Most people recognize that might does not make right. What they don't realize is that right doesn't need might. You don't have to impose the right on people, you only have to restrain might. This puts Objectivism in a class all alone, in terms of political theory. Objectivism recognizes that government is there to stop forceful interferences, not to force people to be good, do right, etc. Government is only needed so that might doesn't over-run its own province. That your muscles work on your skeleton, and don't impose on mine. And that other countries don't impose on either of us.
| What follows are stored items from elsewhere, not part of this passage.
lemma wronskian_neq_0_if_height_0:
  fixes A B :: "'k::field poly"
  assumes "CHAR('k) = p" "0 < p" "coprime A B" "height_is p A B 0"
  shows "wronskian A B \<noteq> 0"
proof
  assume W: "wronskian A B = 0"
  have "monom 1 (p ^ 0) = [:0, 1 :: 'k:]"
    by (simp add: monom_Suc monom_0)
  then obtain A' B' where "B' \<noteq> 0" "A * B' = B * A'"
    using assms(4) by (auto simp: height_is_def admits_height_def)
  then have "B \<noteq> 0"
    using assms(3) by auto
  then have "admits_height p A B 1"
    using admits_height_1_if_wronskian_eq_0[OF assms(1-3) _ W] by blast
  then show False
    using assms(4) by (auto simp: height_is_def)
qed

section \<open>Reduction of integral polynomials\<close>

locale nonarch_residue =
  fixes v :: "'a::field \<Rightarrow> real" and red :: "'a \<Rightarrow> 'k::field"
  assumes nonarch: "nonarch_abs v" and residue: "residue_map v red"
begin

lemma v_nonneg: "0 \<le> v x"
  using nonarch unfolding nonarch_abs_def by blast

lemma v_eq_0_iff: "v x = 0 \<longleftrightarrow> x = 0"
  using nonarch unfolding nonarch_abs_def by blast

lemma v_mult: "v (x * y) = v x * v y"
  using nonarch unfolding nonarch_abs_def by blast

lemma v_add_le_max: "v (x + y) \<le> max (v x) (v y)"
  using nonarch unfolding nonarch_abs_def by blast

lemma v_0 [simp]: "v 0 = 0"
  by (simp add: v_eq_0_iff)

lemma v_1 [simp]: "v 1 = 1"
  using v_mult[of 1 1] v_eq_0_iff[of 1] by simp

lemma v_minus [simp]: "v (- x) = v x"
proof -
  have "v (-1) * v (-1) = 1"
    using v_mult[of "-1" "-1"] by simp
  then have "v (-1) = 1"
    using v_nonneg[of "-1"] by (metis abs_of_nonneg abs_square_eq_1 power2_eq_square)
  then show ?thesis
    using v_mult[of "-1" x] by simp
qed

lemma v_diff_le_max: "v (x - y) \<le> max (v x) (v y)"
  using v_add_le_max[of x "- y"] by simp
The genius of the U.S. Constitution is its concept of the government as protecting the freedom of people, with innately self-limiting and self-correcting (check and balances) structure. Its being self-limiting and correcting is key to protecting freedom, from itself. The U.S. Constitution is a document written out of respect for men and mankind. Anthropologically, it expresses a "laissez-faire" attitude towards the individual. It prizes man's mind in two ways. By opposing any force brought to bear against an individual, and by regarding men as self-sufficient economically. The Objectivist ideal of limited government recognizes the fundamental perversion of a government that acts beyond its proper functions. The emphasis on limited government is not due to dislike of government or the desire to avoid wasteful bureaucratic spending. It is the crucial matter of what is proper for government to do. Nothing a government does, that is not its proper, protective function, is benign. Governments are force itself. A proper government is force self-restrained. Any excess function is force unleashed against innocent people.

The unthinking, wrong-thinking, violent, depraved, etc. people that exist in any large group are not of concern to a proper government until they behave so as to initiate force on someone else. Otherwise, they are harming only themselves. So a proper government doesn't have to worry about ideological or psychological variations. It doesn't take a paternal attitude towards people or culture, doesn't presume to lead them or supply them or nurse them. It is important to keep in mind that everything done by a government is done at the point of a gun.